There’s a better way to define Obesity, the commission found
Commission on Obesity based on Objective Measurements of Disease: “We’re not throwing out the BMI”, says Dr. Robert Kushner
“Fat in the belly causes systemic inflammation, which then goes on and causes other metabolic problems like elevated blood sugar, elevated blood pressure and increased fats in the blood,” Kushner explains. This can make you vulnerable to diseases such as diabetes and heart disease.
In addition, the commission recommends two new categories of obesity, based on objective measures of illness. The first category is for people who have a chronic disease related to their weight. The second category is called ‘pre-clinical obesity’ and it means that the person has higher risks for developing a health condition due to their level of body fat.
“Our reframing acknowledges the nuanced reality of obesity and allows for personalised care,” says Dr. Francesco Rubino, of King’s College London, who is chair of the commission.
The Commission had 56 experts with expertise in nutrition, medicine, and public health. Their report is published in the Journal Lancet Diabetes & Endocrinology.
More than 1 billion people worldwide live with obesity, and the condition is linked to about 5 million deaths every year2 from disorders such as diabetes and cardiovascular disease.
The current BMI-based measure of obesity can both overestimate and underestimate how much body fat a person has, explains Dr. Robert Kushner, an endocrinologist at Northwestern University who is part of the Lancet Diabetes & Endocrinology Commission.
A group of 58 researchers are challenging the way that obese people are referred to, calling for a more nuanced approach to the problem despite the rise in the popularity of weight-loss drugs.
For people of European descent, obesity is typically defined by a BMI of 30 or higher, which correlates with a high level of body fat. A muscular athlete that is labelled obese on the basis of their body mass index should also be considered morbidly obese, because they have excess fat that increases their risk of cardiovascular problems or other health issues according to a leader of the group.
The commission recommends that excess body fat should be confirmed by measuring a person’s waist circumference, waist-to-hip ratio, or waist-to-height ratio. When this option is available and affordable, one can have a direct measurement of body fat from a screening.

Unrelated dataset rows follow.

(* Let $p$ be a positive integer, let $J_1,\dots,J_p\in\mathcal{D}(X)$, and let $\ell_1,\dots,\ell_p$ be positive integers. Define the parallel rollout policy $\tilde\mu$ as follows. For each $x\in X$ and each $i=1,\dots,p$, let $\tilde J_i(x)$ be the optimal value of $$\min_{u_0,\dots,u_{\ell_i-1}}\ \sum_{k=0}^{\ell_i-1}g(x_k,u_k)+J_i(x_{\ell_i})\quad\text{s.t. } x_{k+1}=f(x_k,u_k),\ u_k\in U(x_k),\ k=0,\dots,\ell_i-1,\ x_0=x,$$ (equivalently $\tilde J_i(x)=(T^{\ell_i}J_i)(x)$), and let $(\tilde u_0^i,\dots,\tilde u_{\ell_i-1}^i)$ be a minimizing sequence; choose $\tilde i\in\arg\min_{i=1,\dots,p}\tilde J_i(x)$ and set $\tilde\mu(x)=\tilde u_0^{\tilde i}$. Let $\tilde J(x)=\min_{i=1,\dots,p}\tilde J_i(x)$. Then $J_{\tilde\mu}(x)\le\tilde J(x)$ for all $x\in X$.
   Context: Setting: $X$ (state space) and $U$ (control space) are sets; for each $x\in X$, $U(x)\subset U$ is nonempty; $f:X\times U\to X$ gives dynamics $x_{k+1}=f(x_k,u_k)$; the stage cost $g$ satisfies $0\le g(x,u)\le\infty$ for all $x\in X$, $u\in U(x)$. A stationary policy is a map $\mu:X\to U$ with $\mu(x)\in U(x)$; its cost function is $J_\mu(x_0)=\sum_{k=0}^\infty g(x_k,\mu(x_k))$ with $x_{k+1}=f(x_k,\mu(x_k))$. $\mathcal{E}^+(X)$ denotes the set of all functions $J:X\to[0,\infty]$. The Bellman operator is $(TJ)(x)=\inf_{u\in U(x)}\{g(x,u)+J(f(x,u))\}$; $T^k$ is its $k$-fold composition. The region of decreasing is $\mathcal{D}(X)=\{J\in\mathcal{E}^+(X): (TJ)(x)\le J(x)\ \forall x\in X\}$. Standing assumption: for every $J\in\mathcal{E}^+(X)$ and every $x\in X$, the infimum defining $(TJ)(x)$ is attained. *)

theory Defs
  imports "HOL-Analysis.Analysis"
begin

definition bellman :: "('x \<Rightarrow> 'u set) \<Rightarrow> ('x \<Rightarrow> 'u \<Rightarrow> 'x) \<Rightarrow> ('x \<Rightarrow> 'u \<Rightarrow> ennreal)
    \<Rightarrow> ('x \<Rightarrow> ennreal) \<Rightarrow> 'x \<Rightarrow> ennreal" where
  "bellman U f g J x = (INF u\<in>U x. g x u + J (f x u))"

definition region_decreasing :: "('x \<Rightarrow> 'u set) \<Rightarrow> ('x \<Rightarrow> 'u \<Rightarrow> 'x) \<Rightarrow> ('x \<Rightarrow> 'u \<Rightarrow> ennreal)
    \<Rightarrow> ('x \<Rightarrow> ennreal) set" where
  "region_decreasing U f g = {J. \<forall>x. bellman U f g J x \<le> J x}"

fun traj :: "('x \<Rightarrow> 'u \<Rightarrow> 'x) \<Rightarrow> 'x \<Rightarrow> (nat \<Rightarrow> 'u) \<Rightarrow> nat \<Rightarrow> 'x" where
  "traj f x0 us 0 = x0"
| "traj f x0 us (Suc k) = f (traj f x0 us k) (us k)"

definition feasible :: "('x \<Rightarrow> 'u set) \<Rightarrow> ('x \<Rightarrow> 'u \<Rightarrow> 'x) \<Rightarrow> nat \<Rightarrow> 'x \<Rightarrow> (nat \<Rightarrow> 'u) \<Rightarrow> bool" where
  "feasible U f l x0 us \<longleftrightarrow> (\<forall>k<l. us k \<in> U (traj f x0 us k))"

definition lstep_cost :: "('x \<Rightarrow> 'u \<Rightarrow> 'x) \<Rightarrow> ('x \<Rightarrow> 'u \<Rightarrow> ennreal) \<Rightarrow> nat
    \<Rightarrow> ('x \<Rightarrow> ennreal) \<Rightarrow> 'x \<Rightarrow> (nat \<Rightarrow> 'u) \<Rightarrow> ennreal" where
  "lstep_cost f g l J x0 us =
     (\<Sum>k<l. g (traj f x0 us k) (us k)) + J (traj f x0 us l)"

text \<open>Optimal value of the l-step lookahead problem (only u_0..u_{l-1} matter).\<close>
definition lstep_opt :: "('x \<Rightarrow> 'u set) \<Rightarrow> ('x \<Rightarrow> 'u \<Rightarrow> 'x) \<Rightarrow> ('x \<Rightarrow> 'u \<Rightarrow> ennreal) \<Rightarrow> nat
    \<Rightarrow> ('x \<Rightarrow> ennreal) \<Rightarrow> 'x \<Rightarrow> ennreal" where
  "lstep_opt U f g l J x0 = (INF us\<in>{us. feasible U f l x0 us}. lstep_cost f g l J x0 us)"

definition policy_cost :: "('x \<Rightarrow> 'u \<Rightarrow> 'x) \<Rightarrow> ('x \<Rightarrow> 'u \<Rightarrow> ennreal) \<Rightarrow> ('x \<Rightarrow> 'u) \<Rightarrow> 'x \<Rightarrow> ennreal" where
  "policy_cost f g mu x0 =
     (\<Sum>k. g (((\<lambda>x. f x (mu x)) ^^ k) x0) (mu (((\<lambda>x. f x (mu x)) ^^ k) x0)))"

end

theory Submission
  imports Defs
begin

text \<open>Let \<open>V x\<close> be the minimum over \<open>i\<close> of the \<open>l i\<close>-step lookahead values. Since
  \<open>J i\<close> lies in the region of decreasing, appending a Bellman-minimizing control to a
  feasible sequence never increases its cost, so an \<open>l i\<close>-step lookahead is no worse than
  an \<open>(l i - 1)\<close>-step one. If \<open>i\<close> attains the minimum at \<open>x\<close> with minimizing sequence
  \<open>us\<close>, the tail of \<open>us\<close> is feasible from \<open>f x (us 0)\<close>, whence
  \<open>g x (mu x) + V (f x (mu x)) \<le> V x\<close>. Summing this along the closed-loop trajectory
  bounds every partial sum of the policy cost by \<open>V x\<close>, as \<open>V \<ge> 0\<close>.\<close>

lemma traj_cong:
  "(\<And>j. j < k \<Longrightarrow> us j = vs j) \<Longrightarrow> traj f x us k = traj f x vs k"
  by (induction k) auto

lemma traj_Suc_shift:
  "traj f x us (Suc k) = traj f (f x (us 0)) (\<lambda>k. us (Suc k)) k"
  by (induction k) auto

lemma feasible_Suc_shift:
  "feasible U f (Suc m) x us \<longleftrightarrow>
     us 0 \<in> U x \<and> feasible U f m (f x (us 0)) (\<lambda>k. us (Suc k))"
  unfolding feasible_def by (auto simp: less_Suc_eq_0_disj traj_Suc_shift simp del: traj.simps(2))

lemma lstep_cost_Suc_shift:
  "lstep_cost f g (Suc m) J x us =
     g x (us 0) + lstep_cost f g m J (f x (us 0)) (\<lambda>k. us (Suc k))"
  unfolding lstep_cost_def sum.lessThan_Suc_shift
  by (simp add: traj_Suc_shift add.assoc del: traj.simps(2))

lemma lstep_opt_le_lstep_cost:
  "feasible U f m x us \<Longrightarrow> lstep_opt U f g m J x \<le> lstep_cost f g m J x us"
  unfolding lstep_opt_def by (rule INF_lower) simp

lemma lstep_cost_extend_le:
  assumes decreasing: "J \<in> region_decreasing U f g"
    and attained: "\<And>y. \<exists>u\<in>U y. bellman U f g J y = g y u + J (f y u)"
    and feasible: "feasible U f m x vs"
  obtains ws where "feasible U f (Suc m) x ws"
    and "lstep_cost f g (Suc m) J x ws \<le> lstep_cost f g m J x vs"
proof -
  define y where "y = traj f x vs m"
  obtain u where u: "u \<in> U y" and u_opt: "bellman U f g J y = g y u + J (f y u)"
    using attained by blast
  define ws where "ws = vs(m := u)"
  have traj_ws: "traj f x ws k = traj f x vs k" if "k \<le> m" for k
    using that by (intro traj_cong) (auto simp: ws_def)
  have "ws k \<in> U (traj f x ws k)" if "k < Suc m" for k
  proof (cases "k < m")
    case True
    then show ?thesis using feasible traj_ws[of k] by (simp add: feasible_def ws_def)
  next
    case False
    with that have "k = m" by simp
    then show ?thesis using u traj_ws[of m] by (simp add: ws_def y_def)
  qed
  then have ws_feasible: "feasible U f (Suc m) x ws"
    unfolding feasible_def by blast
  have "g y u + J (f y u) \<le> J y"
    using decreasing u_opt unfolding region_decreasing_def by (metis mem_Collect_eq)
  then have "lstep_cost f g (Suc m) J x ws \<le> lstep_cost f g m J x vs"
    using traj_ws by (simp add: lstep_cost_def add.assoc ws_def y_def add_left_mono)
  with ws_feasible show ?thesis by (rule that)
qed

lemma lstep_opt_Suc_le:
  assumes "J \<in> region_decreasing U f g"
    and "\<And>y. \<exists>u\<in>U y. bellman U f g J y = g y u + J (f y u)"
  shows "lstep_opt U f g (Suc m) J x \<le> lstep_opt U f g m J x"
  unfolding lstep_opt_def[of _ _ _ m]
proof (rule INF_greatest)
  fix vs assume "vs \<in> {vs. feasible U f m x vs}"
  then obtain ws where ws: "feasible U f (Suc m) x ws"
      and ws_cost: "lstep_cost f g (Suc m) J x ws \<le> lstep_cost f g m J x vs"
    using lstep_cost_extend_le[OF assms] by blast
  have "lstep_opt U f g (Suc m) J x \<le> lstep_cost f g (Suc m) J x ws"
    using ws by (rule lstep_opt_le_lstep_cost)
  also note ws_cost
  finally show "lstep_opt U f g (Suc m) J x \<le> lstep_cost f g m J x vs" .
qed

lemma lstep_opt_first_control_decrease:
  assumes "J \<in> region_decreasing U f g"
    and "\<And>y. \<exists>u\<in>U y. bellman U f g J y = g y u + J (f y u)"
    and feasible: "feasible U f (Suc m) x us"
    and optimal: "lstep_cost f g (Suc m) J x us = lstep_opt U f g (Suc m) J x"
  shows "g x (us 0) + lstep_opt U f g (Suc m) J (f x (us 0)) \<le> lstep_opt U f g (Suc m) J x"
proof -
  let ?y = "f x (us 0)" and ?vs = "\<lambda>k. us (Suc k)"
  have "lstep_opt U f g (Suc m) J ?y \<le> lstep_opt U f g m J ?y"
    using assms(1,2) by (rule lstep_opt_Suc_le)
  also have "\<dots> \<le> lstep_cost f g m J ?y ?vs"
    using feasible by (intro lstep_opt_le_lstep_cost) (simp add: feasible_Suc_shift)
  finally have "g x (us 0) + lstep_opt U f g (Suc m) J ?y \<le> g x (us 0) + lstep_cost f g m J ?y ?vs"
    by (rule add_left_mono)
  also have "\<dots> = lstep_opt U f g (Suc m) J x"
    using optimal by (simp add: lstep_cost_Suc_shift)
  finally show ?thesis .
qed

lemma policy_cost_le_of_decrease:
  assumes decrease: "\<And>x. g x (mu x) + V (f x (mu x)) \<le> V x"
  shows "policy_cost f g mu x \<le> V x"
proof -
  define F where "F x = f x (mu x)" for x
  have partial: "(\<Sum>k<n. g ((F ^^ k) x) (mu ((F ^^ k) x))) + V ((F ^^ n) x) \<le> V x" for n x
  proof (induction n arbitrary: x)
    case 0
    then show ?case by simp
  next
    case (Suc n)
    have "(\<Sum>k<Suc n. g ((F ^^ k) x) (mu ((F ^^ k) x))) + V ((F ^^ Suc n) x)
        = g x (mu x) + ((\<Sum>k<n. g ((F ^^ k) (F x)) (mu ((F ^^ k) (F x)))) + V ((F ^^ n) (F x)))"
      unfolding sum.lessThan_Suc_shift by (simp add: funpow_Suc_right add.assoc del: funpow.simps)
    also have "\<dots> \<le> g x (mu x) + V (F x)" by (intro add_left_mono Suc.IH)
    also have "\<dots> \<le> V x" unfolding F_def by (rule decrease)
    finally show ?case .
  qed
  have "policy_cost f g mu x = (SUP n. \<Sum>k<n. g ((F ^^ k) x) (mu ((F ^^ k) x)))"
    unfolding policy_cost_def F_def by (rule suminf_eq_SUP)
  also have "\<dots> \<le> V x"
    using partial by (intro SUP_least) (meson add_increasing2 order_trans zero_le order_refl)
  finally show ?thesis .
qed

theorem proposition4:
  fixes U :: "'x \<Rightarrow> 'u set" and f :: "'x \<Rightarrow> 'u \<Rightarrow> 'x" and g :: "'x \<Rightarrow> 'u \<Rightarrow> ennreal"
    and p :: nat and J :: "nat \<Rightarrow> 'x \<Rightarrow> ennreal" and l :: "nat \<Rightarrow> nat"
    and mu :: "'x \<Rightarrow> 'u"
  assumes U_nonempty: "\<And>x. U x \<noteq> {}"
    and attained: "\<And>(J' :: 'x \<Rightarrow> ennreal) x. \<exists>u\<in>U x. bellman U f g J' x = g x u + J' (f x u)"
    and p_pos: "p \<ge> 1"
    and J_dec: "\<And>i. i \<in> {1..p} \<Longrightarrow> J i \<in> region_decreasing U f g"
    and l_pos: "\<And>i. i \<in> {1..p} \<Longrightarrow> l i \<ge> 1"
    and mu_def: "\<And>x. \<exists>i\<in>{1..p}. \<exists>us.
        lstep_opt U f g (l i) (J i) x = Min ((\<lambda>j. lstep_opt U f g (l j) (J j) x) ` {1..p})
        \<and> feasible U f (l i) x us
        \<and> lstep_cost f g (l i) (J i) x us = lstep_opt U f g (l i) (J i) x
        \<and> mu x = us 0"
  shows "\<forall>x. policy_cost f g mu x \<le> Min ((\<lambda>i. lstep_opt U f g (l i) (J i) x) ` {1..p})"
proof (intro allI policy_cost_le_of_decrease)
  fix x
  let ?Jt = "\<lambda>x. Min ((\<lambda>i. lstep_opt U f g (l i) (J i) x) ` {1..p})"
  obtain i us where i: "i \<in> {1..p}" and min: "lstep_opt U f g (l i) (J i) x = ?Jt x"
    and feasible: "feasible U f (l i) x us"
    and optimal: "lstep_cost f g (l i) (J i) x us = lstep_opt U f g (l i) (J i) x"
    and mu: "mu x = us 0"
    using mu_def[of x] by blast
  obtain m where m: "l i = Suc m" using l_pos[OF i] by (cases "l i") auto
  have "?Jt (f x (mu x)) \<le> lstep_opt U f g (l i) (J i) (f x (mu x))"
    using i by (intro Min_le) auto
  then have "g x (mu x) + ?Jt (f x (mu x)) \<le> g x (us 0) + lstep_opt U f g (l i) (J i) (f x (us 0))"
    by (simp add: mu add_left_mono)
  also have "\<dots> \<le> lstep_opt U f g (l i) (J i) x"
    using feasible optimal unfolding m
    by (rule lstep_opt_first_control_decrease[OF J_dec[OF i] attained])
  also have "\<dots> = ?Jt x" by (rule min)
  finally show "g x (mu x) + ?Jt (f x (mu x)) \<le> ?Jt x" .
qed

end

“We’re not throwing out BMI, we are now recommending that individuals have another measurement obtained that more directly gets an estimate of body fat,” Kushner says.
The revised definition of adiposity, which was published in The Lancet Diabetes & Endocrinology1 on 14 January, focuses on how excess body fat, a measure called adiposity,affects the body instead of relying only on body mass index.
Robert Eckel, an Epidemiologist with the University of Colorado Anschutz Medical Campus in Aurora, says that the results of standard lab tests should be considered when determining if a person is obese. “These are objective diagnostic criteria, they’re standardized across global health systems,” he says.
Personalized assessments that consider age, gender and ethnicity are equally important, because certain groups might face health risks at lower BMI thresholds than others, says study co-author Louise Baur, a paediatrician at the University of Sydney, Australia.
“Now the idea is, eat less, move more, and you’ll lose weight,” says van Rossum, who wasn’t involved in the work. She says a healthy lifestyle isn’t important, and that this paper is an excellent way to discuss the complexity of Obesity.
This shift could improve clinical care, public-health policies and societal attitudes toward obesity, says Elisabeth van Rossum, an endocrinologist at the Erasmus University Medical Center Rotterdam in the Netherlands.